Welcome to racecondition’s blog. Since this is the first post, let’s start with the idea behind the name: the race condition.
A race condition happens when the result of your program depends on the timing/order of concurrent operations that access shared state. If two things “race” to read/modify the same data, the outcome can change run-to-run—leading to flaky bugs, security issues, and production pain.
Below are two practical examples: one in Python (threads) and one on microcontrollers (ISR vs main loop). Each includes the bug and a fix.
Python: When i += 1 Isn’t Atomic
In CPython there’s a Global Interpreter Lock (GIL), but it does not make compound operations like x += 1 atomic. That statement expands to read → add → write, which can interleave across threads.
Python
The Python example below launches four threads that increment a shared counter concurrently. Because no synchronization is used, some increments are lost, and the final counter value is lower than expected.
import threading
N_THREADS = 4
N_INCREMENTS = 100_000
counter = 0 # shared state
def worker():
global counter
for _ in range(N_INCREMENTS):
# Not atomic: read -> add -> write
counter += 1
threads = [threading.Thread(target=worker) for _ in range(N_THREADS)]

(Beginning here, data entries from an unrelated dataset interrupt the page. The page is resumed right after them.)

lemma qcoeff_mult_left_avoids:
  assumes "U \<in> carrier Q" "V \<in> carrier Q" "avoids_axis e U"
  shows "qcoeff (U \<otimes>\<^bsub>Q\<^esub> V) (axis e n) = qcoeff U (0, 0) * qcoeff V (axis e n)"
proof -
  have "qcoeff (U \<otimes>\<^bsub>Q\<^esub> V) (axis e n)
      = (\<Sum>j\<le>n. if j = 0 then qcoeff U (0, 0) * qcoeff V (axis e n) else 0)"
    unfolding qcoeff_mult_axis[OF assms(1,2)]
    using assms(3) by (intro sum.cong refl) (auto simp: avoids_axis_def)
  then show ?thesis by simp
qed

lemma qcoeff_mult_right_avoids:
  assumes "U \<in> carrier Q" "V \<in> carrier Q" "avoids_axis e V"
  shows "qcoeff (U \<otimes>\<^bsub>Q\<^esub> V) (axis e n) = qcoeff U (axis e n) * (axis_endo e ^^ n) (qcoeff V (0, 0))"
proof -
  have "qcoeff (U \<otimes>\<^bsub>Q\<^esub> V) (axis e n)
      = (\<Sum>j\<le>n. if j = n then qcoeff U (axis e n) * (axis_endo e ^^ n) (qcoeff V (0, 0)) else 0)"
    unfolding qcoeff_mult_axis[OF assms(1,2)]
    using assms(3) by (intro sum.cong refl) (auto simp: avoids_axis_def)
  then show ?thesis by simp
qed

lemma avoids_axis_iota: "avoids_axis e (iota d)"
  by (simp add: avoids_axis_def qcoeff_iota skew_const_axis)
lemma ennreal_mult_indicator: "ennreal (b * indicator A x) = ennreal b * indicator A x"
  by (simp split: split_indicator)

lemma K_j_diff_integral_le:
  fixes K :: "'a::euclidean_space \<Rightarrow> 'a \<Rightarrow> real" and j :: int
  defines "\<rho> \<equiv> 2 powr real_of_int j * sqrt (real DIM('a))"
  assumes Phi: "admissible_Phi \<Phi>" and K_meas: "(\<lambda>(x, y). K x y) \<in> borel_measurable borel"
    and Lip: "L-lipschitz_on UNIV \<Phi>"
    and K_size: "\<forall>x y. x \<noteq> y \<longrightarrow> \<bar>K x y\<bar> \<le> C\<^sub>1 * norm (x - y) powr (- real DIM('a))"
    and z: "norm z \<le> \<delta>" and \<delta>: "\<delta> \<le> \<rho> / 4" and q: "0 \<le> q"
  shows "(\<integral>\<^sup>+ x. ennreal (\<bar>K_j K \<Phi> j x (y + z) - K_j K \<Phi> j x y\<bar> powr q) \<partial>lborel) \<le> ennreal (2 powr q) *
    ((\<integral>\<^sup>+ x. indicator (annulus y (\<rho>/2) \<rho>) x * ennreal (\<bar>K x (y + z) - K x y\<bar> powr q) \<partial>lborel)
     + (\<integral>\<^sup>+ x. indicator (annulus y \<rho> (2*\<rho>)) x * ennreal (\<bar>K x (y + z) - K x y\<bar> powr q) \<partial>lborel)
     + ennreal ((C\<^sub>1 * (\<rho>/4) powr (- real DIM('a)) * (L / \<rho>) * \<delta>) powr q) * emeasure lborel (cball y (4*\<rho>)))"
    (is "_ \<le> ennreal (2 powr q) * (?I\<^sub>1 + ?I\<^sub>2 + ennreal ?e * _)")
proof -
  note [measurable] = K_meas[folded borel_prod] borel_closed[OF closed_cball]
  let ?D = "\<lambda>x. ennreal (\<bar>K x (y + z) - K x y\<bar> powr q)"
  have "ennreal (\<bar>K_j K \<Phi> j x (y + z) - K_j K \<Phi> j x y\<bar> powr q) \<le> ennreal (2 powr q) *
    (indicator (annulus y (\<rho>/2) \<rho>) x * ?D x + indicator (annulus y \<rho> (2*\<rho>)) x * ?D x
     + ennreal ?e * indicator (cball y (4*\<rho>)) x)" for x
    using ennreal_leI[OF K_j_diff_powr_le[OF Phi Lip K_size z \<delta>[unfolded \<rho>_def] q]]
    by (simp add: \<rho>_def ennreal_mult ennreal_plus ennreal_indicator_mult ennreal_mult_indicator
        del: ennreal_plus_if)
  then have "(\<integral>\<^sup>+ x. ennreal (\<bar>K_j K \<Phi> j x (y + z) - K_j K \<Phi> j x y\<bar> powr q) \<partial>lborel) \<le>
    (\<integral>\<^sup>+ x. ennreal (2 powr q) * (indicator (annulus y (\<rho>/2) \<rho>) x * ?D x
       + indicator (annulus y \<rho> (2*\<rho>)) x * ?D x + ennreal ?e * indicator (cball y (4*\<rho>)) x) \<partial>lborel)"
    by (rule nn_integral_mono)
  also have "\<dots> = ennreal (2 powr q) * (?I\<^sub>1 + ?I\<^sub>2 + ennreal ?e * emeasure lborel (cball y (4*\<rho>)))"
    apply (subst nn_integral_cmult, measurable)
    apply (subst nn_integral_add, measurable)+
    apply (subst nn_integral_cmult_indicator, measurable)
    done
  finally show ?thesis .
qed

(* The quantity under the supremum defining H_q(m)^q is
   (2^m R)^(d(q-1)) / |B_R| * shift_variation K q y R (annulus y (2^m R) (2^(m+1) R)). *)
definition shift_variation ::
  "('a::euclidean_space \<Rightarrow> 'a \<Rightarrow> real) \<Rightarrow> real \<Rightarrow> 'a \<Rightarrow> real \<Rightarrow> 'a set \<Rightarrow> ennreal" where
  "shift_variation K q y R A = (\<integral>\<^sup>+ v. indicator (cball 0 R) v *
     (\<integral>\<^sup>+ x. indicator A x * ennreal (\<bar>K x (y + v) - K x y\<bar> powr q) \<partial>lborel) \<partial>lborel)"

lemma K_j_shift_integral_le:
  fixes K :: "'a::euclidean_space \<Rightarrow> 'a \<Rightarrow> real" and j :: int
  defines "\<rho> \<equiv> 2 powr real_of_int j * sqrt (real DIM('a))"
  assumes Phi: "admissible_Phi \<Phi>" and K_meas: "(\<lambda>(x, y). K x y) \<in> borel_measurable borel"
    and Lip: "L-lipschitz_on UNIV \<Phi>"
    and K_size: "\<forall>x y. x \<noteq> y \<longrightarrow> \<bar>K x y\<bar> \<le> C\<^sub>1 * norm (x - y) powr (- real DIM('a))"
    and \<delta>: "\<delta> \<le> \<rho> / 4" and q: "0 \<le> q"
  shows "(\<integral>\<^sup>+ z. indicator (ball 0 \<delta>) z *
      (\<integral>\<^sup>+ x. ennreal (\<bar>K_j K \<Phi> j x (y + z) - K_j K \<Phi> j x y\<bar> powr q) \<partial>lborel) \<partial>lborel) \<le>
    ennreal (2 powr q) * (shift_variation K q y \<delta> (annulus y (\<rho>/2) \<rho>)
      + shift_variation K q y \<delta> (annulus y \<rho> (2*\<rho>))
      + ennreal ((C\<^sub>1 * (\<rho>/4) powr (- real DIM('a)) * (L / \<rho>) * \<delta>) powr q)
        * emeasure lborel (cball y (4*\<rho>)) * emeasure lborel (ball (0::'a) \<delta>))"
    (is "_ \<le> ennreal (2 powr q) * (_ + _ + ?E * _)")
proof -
  note [measurable] = K_meas[folded borel_prod] borel_closed[OF closed_cball] borel_open[OF open_ball]
  let ?V = "\<lambda>A z. \<integral>\<^sup>+ x. indicator A x * ennreal (\<bar>K x (y + z) - K x y\<bar> powr q) \<partial>lborel"
  let ?A\<^sub>1 = "annulus y (\<rho>/2) \<rho>" and ?A\<^sub>2 = "annulus y \<rho> (2*\<rho>)"
  have "indicator (ball 0 \<delta>) z *
      (\<integral>\<^sup>+ x. ennreal (\<bar>K_j K \<Phi> j x (y + z) - K_j K \<Phi> j x y\<bar> powr q) \<partial>lborel) \<le>
    ennreal (2 powr q) * (indicator (cball 0 \<delta>) z * ?V ?A\<^sub>1 z + indicator (cball 0 \<delta>) z * ?V ?A\<^sub>2 z
      + ?E * indicator (ball 0 \<delta>) z)" for z
  proof (cases "z \<in> ball 0 \<delta>")
    case True
    then have "norm z \<le> \<delta>" by simp
    from K_j_diff_integral_le[OF Phi K_meas Lip K_size this \<delta>[unfolded \<rho>_def] q, of y] True
    show ?thesis by (simp add: \<rho>_def)
  qed simp
  then have "(\<integral>\<^sup>+ z. indicator (ball 0 \<delta>) z *
      (\<integral>\<^sup>+ x. ennreal (\<bar>K_j K \<Phi> j x (y + z) - K_j K \<Phi> j x y\<bar> powr q) \<partial>lborel) \<partial>lborel) \<le>
    (\<integral>\<^sup>+ z. ennreal (2 powr q) * (indicator (cball 0 \<delta>) z * ?V ?A\<^sub>1 z
      + indicator (cball 0 \<delta>) z * ?V ?A\<^sub>2 z + ?E * indicator (ball 0 \<delta>) z) \<partial>lborel)"
    by (rule nn_integral_mono)
  also have "\<dots> = ennreal (2 powr q) * (shift_variation K q y \<delta> ?A\<^sub>1 + shift_variation K q y \<delta> ?A\<^sub>2
      + ?E * emeasure lborel (ball (0::'a) \<delta>))"
    unfolding shift_variation_def
    apply (subst nn_integral_cmult, measurable)
    apply (subst nn_integral_add, measurable)+
    apply (subst nn_integral_cmult_indicator, measurable)
    done
  finally show ?thesis .
qed

lemma shift_variation_le_Hq_pow:
  fixes K :: "'a::euclidean_space \<Rightarrow> 'a \<Rightarrow> real"
  assumes R: "0 < R"
  shows "shift_variation K q y R (annulus y (2 ^ m * R) (2 ^ (m + 1) * R)) \<le>
    ennreal (measure lborel (ball (0::'a) R) * (2 ^ m * R) powr (- (real DIM('a) * (q - 1)))) * Hq_pow K q m"
proof -
  let ?c = "(2 ^ m * R) powr (real DIM('a) * (q - 1))" and ?B = "measure lborel (ball (0::'a) R)"
  let ?S = "shift_variation K q y R (annulus y (2 ^ m * R) (2 ^ (m + 1) * R))"
  have pos: "0 < ?c" "0 < ?B"
    using R by (simp_all add: content_ball_pos)
  have "ennreal (?c / ?B) * ?S \<le> Hq_pow K q m"
    unfolding Hq_pow_def shift_variation_def annulus_def
    by (rule SUP_upper2[where i="(y, R)"]) (use R in auto)
  then have "ennreal (?B / ?c) * (ennreal (?c / ?B) * ?S) \<le> ennreal (?B / ?c) * Hq_pow K q m"
    by (rule mult_left_mono) simp
  moreover have "ennreal (?B / ?c) * ennreal (?c / ?B) = 1"
    using pos by (simp flip: ennreal_mult)
  ultimately show ?thesis
    by (simp add: mult.assoc[symmetric] powr_minus divide_inverse)
qed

[t.start() for t in threads]
[t.join() for t in threads]
print("Expected:", N_THREADS * N_INCREMENTS)
print("Actual :", counter) # Often less than expected
You’ll often see Actual != Expected, because increments get lost when threads interleave.
Fix 1: Use a Lock
The solution below uses threading.Lock to ensure that each thread acquires the lock before incrementing the counter, making the operation safe and preventing lost updates.
import threading
N_THREADS = 4
N_INCREMENTS = 100_000
counter = 0
lock = threading.Lock()
def worker():
global counter
for _ in range(N_INCREMENTS):
with lock: # critical section
counter += 1
threads = [threading.Thread(target=worker) for _ in range(N_THREADS)]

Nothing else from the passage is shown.